I have recently obtained a review of my book After by Marta Pombo Salles.

As a reader I truly enjoyed the book After by Mario Savioni, which I would define mainly as a strong claim against human injustice. This wonderful collection of poems reveals the author’s main concern about unfairness in the world. Some poems are critical of the capitalist system: ‘I look to our leaders and I see that/There’s money in stealing/In lying, in raping/Out of some fear that there would not be enough.’ There is also strong critique of America’s imperialism that leads to endless wars such as the conflicts in Afghanistan and Palestine, and greed for oil in the Middle East.

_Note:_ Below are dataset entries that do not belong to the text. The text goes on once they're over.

lemma quotient_subrep_qproj_image:
  assumes "subrep smul src tgt M phi U"
  shows "subrep smul src tgt C Q (\<lambda>v. P v ` U v)"
proof -
  have U: "\<And>v. subspace (U v)" "\<And>v. U v \<subseteq> M v" "\<And>a x. x \<in> U (src a) \<Longrightarrow> phi a x \<in> U (tgt a)"
    using assms unfolding subrep_def image_subset_iff by simp_all
  have UM: "u \<in> U v \<Longrightarrow> u \<in> M v" for u v using U(2) by blast
  have "subspace (P v ` U v)" for v
  proof (rule subspaceI)
    have "P v 0 = 0" by (rule qproj_L[OF subspace_0[OF subspace_L]])
    then show "0 \<in> P v ` U v" using subspace_0[OF U(1)] by (metis image_eqI)
  next
    fix x y assume "x \<in> P v ` U v" "y \<in> P v ` U v"
    then obtain u w where uw: "u \<in> U v" "w \<in> U v" "x = P v u" "y = P v w" by blast
    then have "x + y = P v (u + w)" using qproj_add[OF UM UM] by simp
    then show "x + y \<in> P v ` U v" using subspace_add[OF U(1) uw(1,2)] by simp
  next
    fix c x assume "x \<in> P v ` U v"
    then obtain u where u: "u \<in> U v" "x = P v u" by blast
    then have "smul c x = P v (smul c u)" using qproj_scale[OF UM] by simp
    then show "smul c x \<in> P v ` U v" using subspace_scale[OF U(1) u(1)] by simp
  qed
  moreover have "Q a (P (src a) u) \<in> P (tgt a) ` U (tgt a)" if "u \<in> U (src a)" for a u
  proof -
    define x where "x = P (src a) u"
    define l where "l = u - x"
    have uM: "u \<in> M (src a)" using UM[OF that] .
    have xM: "x \<in> M (src a)" unfolding x_def using qproj_in_C[OF uM] C_M by blast
    have lL: "l \<in> L (src a)" unfolding l_def x_def using diff_qproj_in_L[OF uM] .
    have lM: "l \<in> M (src a)" using lL L_M by blast
    have "phi a u = phi a x + phi a l" using phi_add[OF xM lM] by (simp add: l_def)
    also have "P (tgt a) \<dots> = P (tgt a) (phi a x) + P (tgt a) (phi a l)"
      by (rule qproj_add[OF phi_M[OF xM] phi_M[OF lM]])
    also have "\<dots> = Q a x" using qproj_L[OF phi_L[OF lL]] by (simp add: qmap_def)
    finally show ?thesis using U(3)[OF that] unfolding x_def by (metis image_eqI)
  qed
  moreover have "P v ` U v \<subseteq> C v" for v using qproj_in_C UM by blast
  ultimately show ?thesis unfolding subrep_def by (auto simp: image_subset_iff)
qed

“America’s discovery and foundation appears to be the result of ‘The disease of man,’ ‘Killing the Indians/Building ugly towns.’ Yet the author sees hope in America’s initial good moral principles that have been perverted since the beginning. In general, he sees hope in our world even though life is hard for those who suffer. In this group of people the figure of the artist/writer, a truth and beauty seeker, appears as someone not being valued in a too materialistic society, not making enough money to live and by his dreams: ‘I think as artists, we dream and never wake./The blue sky is the work of our pens/And inks that cast a failed light.’ Under these circumstances love becomes very difficult. You can love a woman but you fear financial problems that won’t make the relationship last. Some of the poems deal with the impossibility to fulfill love and to attain a lasting relationship. Moreover, the artist/writer sees himself as part of the collective psyche co-responsible for allowing human injustice.”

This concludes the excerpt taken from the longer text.